Every line of the entries below that mentions "cases" is to be copied out.
[Opening Source information section]
(* Let $n \in \mathbb{N}$ and let $y \in L^2([0,1]^n)$. Suppose $x^\dagger \in L^2([0,1]^n)$ satisfies $[x^\dagger * x^\dagger](s) = y(s)$ for almost every $s \in [0,1]^n$, and suppose $0 \notin \mathrm{supp}(x^\dagger)$, i.e. there exists $r>0$ such that $x^\dagger(t) = 0$ for almost every $t \in B_r(0) \cap [0,1]^n$. Then there exist infinitely many other functions $\hat{x} \in L^2([0,1]^n)$ (distinct from $x^\dagger$ and from one another) satisfying $[\hat{x} * \hat{x}](s) = y(s)$ for almost every $s \in [0,1]^n$.
   Context: All functions are real-valued. $L^2([0,1]^n)$ denotes the real functions in $L^2(\mathbb{R}^n)$ vanishing a.e. outside the unit cube $[0,1]^n$. The convolution is $[f*g](s) = \int_{\mathbb{R}^n} f(s-t)\,g(t)\,dt$, which for $f,g \in L^2([0,1]^n)$ and $s \in [0,1]^n$ equals $\int_{[0,s_1]\times\cdots\times[0,s_n]} f(s-t)g(t)\,dt$. $B_r(0)$ is the open Euclidean ball of radius $r$ about the origin; $\mathrm{supp}$ denotes the essential support with respect to Lebesgue measure. *)

theory Defs
  imports "HOL-Analysis.Analysis"
begin

definition unit_cube :: "'a::euclidean_space set" where
  "unit_cube = cbox 0 One"

definition L2_cube :: "('a::euclidean_space \<Rightarrow> real) set" where
  "L2_cube = {f. f \<in> borel_measurable lebesgue \<and>
                  integrable lebesgue (\<lambda>t. (f t)\<^sup>2) \<and>
                  (AE t in lebesgue. t \<notin> unit_cube \<longrightarrow> f t = 0)}"

definition conv :: "('a::euclidean_space \<Rightarrow> real) \<Rightarrow> ('a \<Rightarrow> real) \<Rightarrow> 'a \<Rightarrow> real" where
  "conv f g s = (\<integral>t. f (s - t) * g t \<partial>lebesgue)"

end

(* Perturb the solution xd by multiples of the indicator of a small box A at the far corner
   One of the cube.  For s in the cube the coordinate sums of s - t and t add up to that of s,
   which is at most n.  Points of A have coordinate sum close to n, and points of the cube
   outside ball 0 r have coordinate sum at least |t|^2 >= r^2.  Hence s - t and t never lie
   both in A, nor one in A and the other in the support of xd: all cross terms of the
   self-convolution vanish on the cube, so every perturbation is again a solution. *)

theory Submission
  imports Defs
begin

lemma AE_lebesgue_reflect:
  fixes s :: "'a::euclidean_space"
  assumes "AE t in lebesgue. P t"
  shows "AE t in lebesgue. P (s - t)"
proof -
  obtain N where N: "N \<in> null_sets lebesgue" "{t \<in> space lebesgue. \<not> P t} \<subseteq> N"
    using assms unfolding eventually_ae_filter by auto
  have "negligible ((\<lambda>t. s - t) ` N)"
    using N(1) by (intro negligible_differentiable_image_negligible)
      (auto simp: negligible_iff_null_sets)
  moreover have "{t. \<not> P (s - t)} \<subseteq> (\<lambda>t. s - t) ` N"
  proof
    fix t assume "t \<in> {t. \<not> P (s - t)}"
    then have "s - t \<in> N" using N(2) by auto
    then show "t \<in> (\<lambda>t. s - t) ` N" by (rule image_eqI[rotated]) simp
  qed
  ultimately show ?thesis
    by (intro AE_I'[of "(\<lambda>t. s - t) ` N"]) (auto simp: negligible_iff_null_sets)
qed

lemma integral_cong_AE_lebesgue:
  fixes f g :: "'a::euclidean_space \<Rightarrow> 'b::euclidean_space"
  assumes "AE t in lebesgue. f t = g t"
  shows "integral\<^sup>L lebesgue f = integral\<^sup>L lebesgue g"
proof (cases "f \<in> borel_measurable lebesgue")
  case True
  then show ?thesis
    using assms borel_measurable_AE integral_cong_AE by blast
next
  case False
  have "AE t in lebesgue. g t = f t" using assms by auto
  then have "g \<notin> borel_measurable lebesgue" using borel_measurable_AE False by blast
  then show ?thesis using False
    by (metis borel_measurable_integrable not_integrable_integral_eq)
qed

lemma conv_add_self_eq:
  assumes "AE t in lebesgue. f (s - t) * g t = 0 \<and> g (s - t) * f t = 0 \<and> g (s - t) * g t = 0"
  shows "conv (\<lambda>t. f t + g t) (\<lambda>t. f t + g t) s = conv f f s"
proof -
  have "AE t in lebesgue. (f (s - t) + g (s - t)) * (f t + g t) = f (s - t) * f t"
    using assms by eventually_elim (auto simp: distrib_left distrib_right)
  then show ?thesis
    unfolding conv_def by (rule integral_cong_AE_lebesgue)
qed

lemma L2_cube_add:
  assumes f: "f \<in> L2_cube" and g: "g \<in> L2_cube"
  shows "(\<lambda>t. f t + g t) \<in> L2_cube"
proof -
  have [measurable]: "f \<in> borel_measurable lebesgue" "g \<in> borel_measurable lebesgue"
    using f g by (auto simp: L2_cube_def)
  have "integrable lebesgue (\<lambda>t. 2 * (f t)\<^sup>2 + 2 * (g t)\<^sup>2)"
    using f g by (auto simp: L2_cube_def)
  then have "integrable lebesgue (\<lambda>t. (f t + g t)\<^sup>2)"
  proof (rule Bochner_Integration.integrable_bound)
    show "AE t in lebesgue. norm ((f t + g t)\<^sup>2) \<le> norm (2 * (f t)\<^sup>2 + 2 * (g t)\<^sup>2)"
    proof (rule AE_I2)
      fix t
      have "0 \<le> (f t - g t)\<^sup>2" by simp
      then have "(f t + g t)\<^sup>2 \<le> 2 * (f t)\<^sup>2 + 2 * (g t)\<^sup>2"
        by (simp add: power2_sum power2_diff)
      then show "norm ((f t + g t)\<^sup>2) \<le> norm (2 * (f t)\<^sup>2 + 2 * (g t)\<^sup>2)"
        by simp
    qed
  qed simp
  moreover have "AE t in lebesgue. t \<notin> unit_cube \<longrightarrow> f t + g t = 0"
    using f g unfolding L2_cube_def by (auto elim: AE_mp)
  ultimately show ?thesis
    by (simp add: L2_cube_def)
qed

lemma scaled_indicator_in_L2_cube:
  assumes A: "A \<in> sets lebesgue" "A \<subseteq> unit_cube"
  shows "(\<lambda>t. a * indicator A t) \<in> L2_cube"
proof -
  have "emeasure lebesgue A \<le> emeasure lebesgue (unit_cube :: 'a set)"
    using A by (intro emeasure_mono) (auto simp: unit_cube_def)
  then have "emeasure lebesgue A < \<infinity>"
    by (auto simp: unit_cube_def emeasure_lborel_cbox_finite intro: le_less_trans)
  then have "integrable lebesgue (\<lambda>t. a\<^sup>2 * indicator A t :: real)"
    using A by (intro integrable_mult_right integrable_real_indicator)
  moreover have "(a * indicator A t)\<^sup>2 = a\<^sup>2 * indicator A t" for t :: 'a
    by (simp add: indicator_def)
  ultimately have "integrable lebesgue (\<lambda>t. (a * indicator A t)\<^sup>2 :: real)"
    by simp
  with A show ?thesis
    by (auto simp: L2_cube_def indicator_def)
qed

lemma not_AE_eq_add_indicator:
  fixes f :: "'a \<Rightarrow> real"
  assumes "A \<in> sets M" "emeasure M A \<noteq> 0" "a \<noteq> b"
  shows "\<not> (AE t in M. f t + a * indicator A t = f t + b * indicator A t)"
proof
  assume "AE t in M. f t + a * indicator A t = f t + b * indicator A t"
  then have "AE t in M. t \<notin> A"
    by eventually_elim (use \<open>a \<noteq> b\<close> in \<open>auto simp: indicator_def\<close>)
  with assms(1,2) show False
    by (metis AE_iff_null_sets null_setsD1)
qed

lemma add_indicator_family_AE_distinct:
  fixes f :: "'a \<Rightarrow> real"
  assumes A: "A \<in> sets M" "emeasure M A \<noteq> 0"
  defines "F \<equiv> range (\<lambda>k t. f t + real (Suc k) * indicator A t)"
  shows "infinite F"
    and "g \<in> F \<Longrightarrow> \<not> (AE t in M. g t = f t)"
    and "g \<in> F \<Longrightarrow> h \<in> F \<Longrightarrow> g \<noteq> h \<Longrightarrow> \<not> (AE t in M. g t = h t)"
proof -
  obtain t0 where "t0 \<in> A"
    using A(2) by fastforce
  then have "inj (\<lambda>k t. f t + real (Suc k) * indicator A t)"
    by (intro injI) (drule fun_cong[where x = t0], simp)
  then show "infinite F"
    unfolding F_def using range_inj_infinite by blast
  show "\<not> (AE t in M. g t = f t)" if "g \<in> F"
  proof -
    obtain k where g: "g = (\<lambda>t. f t + real (Suc k) * indicator A t)"
      using \<open>g \<in> F\<close> by (auto simp: F_def)
    show ?thesis
      using not_AE_eq_add_indicator[OF A, where a = "real (Suc k)" and b = 0 and f = f]
      by (simp add: g)
  qed
  show "\<not> (AE t in M. g t = h t)" if "g \<in> F" "h \<in> F" "g \<noteq> h"
  proof -
    obtain i j where g: "g = (\<lambda>t. f t + real (Suc i) * indicator A t)"
      and h: "h = (\<lambda>t. f t + real (Suc j) * indicator A t)"
      using \<open>g \<in> F\<close> \<open>h \<in> F\<close> by (auto simp: F_def)
    with \<open>g \<noteq> h\<close> have "i \<noteq> j" by auto
    then show ?thesis
      unfolding g h by (intro not_AE_eq_add_indicator[OF A]) simp
  qed
qed

definition corner_box :: "real \<Rightarrow> 'a::euclidean_space set" where
  "corner_box e = box ((1 - e) *\<^sub>R One) One"

lemma corner_box_subset_unit_cube:
  assumes "e \<le> 1"
  shows "corner_box e \<subseteq> unit_cube"
proof
  fix t :: 'a assume "t \<in> corner_box e"
  then have "1 - e < t \<bullet> b \<and> t \<bullet> b < 1" if "b \<in> Basis" for b
    using that by (auto simp: corner_box_def mem_box)
  with assms show "t \<in> unit_cube"
    by (fastforce simp: unit_cube_def mem_box)
qed

lemma emeasure_corner_box:
  assumes "0 < e"
  shows "emeasure lebesgue (corner_box e :: 'a::euclidean_space set) = ennreal (e ^ DIM('a))"
  using assms by (simp add: corner_box_def emeasure_lborel_box inner_diff_left)

lemma inner_One_le_DIM:
  fixes s :: "'a::euclidean_space"
  assumes "s \<in> unit_cube"
  shows "s \<bullet> One \<le> DIM('a)"
proof -
  have "s \<bullet> One = (\<Sum>b\<in>Basis. s \<bullet> b)" by (simp add: inner_sum_right)
  also have "\<dots> \<le> (\<Sum>b\<in>(Basis::'a set). 1)"
    using assms by (intro sum_mono) (auto simp: unit_cube_def mem_box)
  finally show ?thesis by simp
qed

lemma norm_power2_le_inner_One:
  fixes s :: "'a::euclidean_space"
  assumes "s \<in> unit_cube"
  shows "(norm s)\<^sup>2 \<le> s \<bullet> One"
proof -
  have "(norm s)\<^sup>2 = (\<Sum>b\<in>Basis. (s \<bullet> b) * (s \<bullet> b))"
    unfolding power2_norm_eq_inner by (rule euclidean_inner)
  also have "\<dots> \<le> (\<Sum>b\<in>Basis. s \<bullet> b)"
  proof (rule sum_mono)
    fix b :: 'a assume "b \<in> Basis"
    with assms have "0 \<le> s \<bullet> b" "s \<bullet> b \<le> 1" by (auto simp: unit_cube_def mem_box)
    then show "(s \<bullet> b) * (s \<bullet> b) \<le> s \<bullet> b" by (simp add: mult_left_le)
  qed
  also have "\<dots> = s \<bullet> One" by (simp add: inner_sum_right)
  finally show ?thesis .
qed

lemma inner_One_corner_box:
  fixes t :: "'a::euclidean_space" and e :: real
  assumes "t \<in> corner_box e"
  shows "DIM('a) * (1 - e) < t \<bullet> One"
proof -
  have "(\<Sum>b\<in>(Basis::'a set). 1 - e) < (\<Sum>b\<in>Basis. t \<bullet> b)"
    using assms by (intro sum_strict_mono) (auto simp: corner_box_def mem_box)
  then show ?thesis by (simp add: inner_sum_right)
qed

lemma inner_One_diff_corner_box_less:
  fixes s t :: "'a::euclidean_space" and e :: real
  assumes "s \<in> unit_cube" "t \<in> corner_box e"
  shows "(s - t) \<bullet> One < DIM('a) * e"
  using inner_One_le_DIM[OF assms(1)] inner_One_corner_box[OF assms(2)]
  by (simp add: inner_diff_left algebra_simps)

lemma L2_cube_support_inner_One:
  assumes x: "x \<in> L2_cube" and "0 \<le> r"
    and r: "AE t in lebesgue. t \<in> ball 0 r \<inter> unit_cube \<longrightarrow> x t = 0"
  shows "AE t in lebesgue. x t \<noteq> 0 \<longrightarrow> t \<in> unit_cube \<and> r\<^sup>2 \<le> t \<bullet> One"
  using r x[unfolded L2_cube_def, THEN CollectD, THEN conjunct2, THEN conjunct2]
proof eventually_elim
  case (elim t)
  with \<open>0 \<le> r\<close> have "x t \<noteq> 0 \<longrightarrow> t \<in> unit_cube \<and> r\<^sup>2 \<le> (norm t)\<^sup>2"
    by (auto simp: power_mono)
  then show ?case
    using norm_power2_le_inner_One[of t] by auto
qed

lemma conv_self_add_corner_indicator:
  fixes x :: "'a::euclidean_space \<Rightarrow> real" and e \<rho> :: real
  assumes supp: "AE t in lebesgue. x t \<noteq> 0 \<longrightarrow> t \<in> unit_cube \<and> \<rho> \<le> t \<bullet> One"
    and e: "e \<le> 1/2" "DIM('a) * e \<le> \<rho>" and s: "s \<in> unit_cube"
  shows "conv (\<lambda>t. x t + a * indicator (corner_box e) t)
              (\<lambda>t. x t + a * indicator (corner_box e) t) s = conv x x s"
proof (rule conv_add_self_eq)
  let ?A = "corner_box e :: 'a set"
  have "DIM('a) * e \<le> DIM('a) * (1 - e)"
    using e(1) by (intro mult_left_mono) auto
  then have disjoint: "s - t \<notin> ?A" if "t \<in> ?A" for t
    using inner_One_diff_corner_box_less[OF s that] inner_One_corner_box[of "s - t" e]
    by linarith
  show "AE t in lebesgue. x (s - t) * (a * indicator ?A t) = 0
      \<and> a * indicator ?A (s - t) * x t = 0
      \<and> a * indicator ?A (s - t) * (a * indicator ?A t) = 0"
    using supp AE_lebesgue_reflect[OF supp, of s]
  proof eventually_elim
    case (elim t)
    have "x (s - t) = 0" if "t \<in> ?A"
    proof (rule ccontr)
      assume "x (s - t) \<noteq> 0"
      with elim(2) have "\<rho> \<le> (s - t) \<bullet> One" by blast
      with inner_One_diff_corner_box_less[OF s that] e(2) show False by linarith
    qed
    moreover have "x t = 0" if "s - t \<in> ?A"
    proof (rule ccontr)
      assume "x t \<noteq> 0"
      with elim(1) have "\<rho> \<le> t \<bullet> One" by blast
      with inner_One_diff_corner_box_less[OF s that] e(2) show False by simp
    qed
    ultimately show ?case
      using disjoint by (cases "t \<in> ?A"; cases "s - t \<in> ?A") simp_all
  qed
qed

theorem theorem3p4:
  fixes y xd :: "'a::euclidean_space \<Rightarrow> real"
  assumes y: "y \<in> L2_cube"
    and xd: "xd \<in> L2_cube"
    and sol: "AE s in lebesgue. s \<in> unit_cube \<longrightarrow> conv xd xd s = y s"
    and supp: "\<exists>r>0. AE t in lebesgue. t \<in> ball 0 r \<inter> unit_cube \<longrightarrow> xd t = 0"
  shows "\<exists>S. infinite S \<and> S \<subseteq> L2_cube
           \<and> (\<forall>xh\<in>S. AE s in lebesgue. s \<in> unit_cube \<longrightarrow> conv xh xh s = y s)
           \<and> (\<forall>xh\<in>S. \<not> (AE t in lebesgue. xh t = xd t))
           \<and> (\<forall>a\<in>S. \<forall>b\<in>S. a \<noteq> b \<longrightarrow> \<not> (AE t in lebesgue. a t = b t))"
proof -
  obtain r where "r > 0" and r: "AE t in lebesgue. t \<in> ball 0 r \<inter> unit_cube \<longrightarrow> xd t = 0"
    using supp by blast
  define e where "e = min (r\<^sup>2 / DIM('a)) (1/2)"
  have e: "0 < e" "e \<le> 1/2" "DIM('a) * e \<le> r\<^sup>2"
    using \<open>r > 0\<close> by (auto simp: e_def min_def field_simps)
  have supp': "AE t in lebesgue. xd t \<noteq> 0 \<longrightarrow> t \<in> unit_cube \<and> r\<^sup>2 \<le> t \<bullet> One"
    using L2_cube_support_inner_One[OF xd _ r] \<open>r > 0\<close> by simp
  define A where "A = (corner_box e :: 'a set)"
  have A: "A \<in> sets lebesgue" "A \<subseteq> unit_cube" "emeasure lebesgue A \<noteq> 0"
    using e corner_box_subset_unit_cube[of e] emeasure_corner_box[OF e(1), where 'a='a]
    by (simp_all add: A_def corner_box_def)
  let ?S = "range (\<lambda>k t. xd t + real (Suc k) * indicator A t)"
  note family = add_indicator_family_AE_distinct[OF A(1,3), where f = xd]
  show ?thesis
  proof (intro exI[of _ ?S] conjI ballI impI family)
    show "?S \<subseteq> L2_cube"
      using L2_cube_add[OF xd scaled_indicator_in_L2_cube[OF A(1,2)]] by auto
  next
    fix h assume "h \<in> ?S"
    then obtain a where h: "h = (\<lambda>t. xd t + a * indicator A t)" by blast
    show "AE s in lebesgue. s \<in> unit_cube \<longrightarrow> conv h h s = y s"
      using sol by eventually_elim
        (simp add: h A_def conv_self_add_corner_indicator[OF supp' e(2,3)])
  qed
qed

end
[Closing Source information section]
# [Result of this exercise]
proof (cases "f \<in> borel_measurable lebesgue")
      using disjoint by (cases "t \<in> ?A"; cases "s - t \<in> ?A") simp_all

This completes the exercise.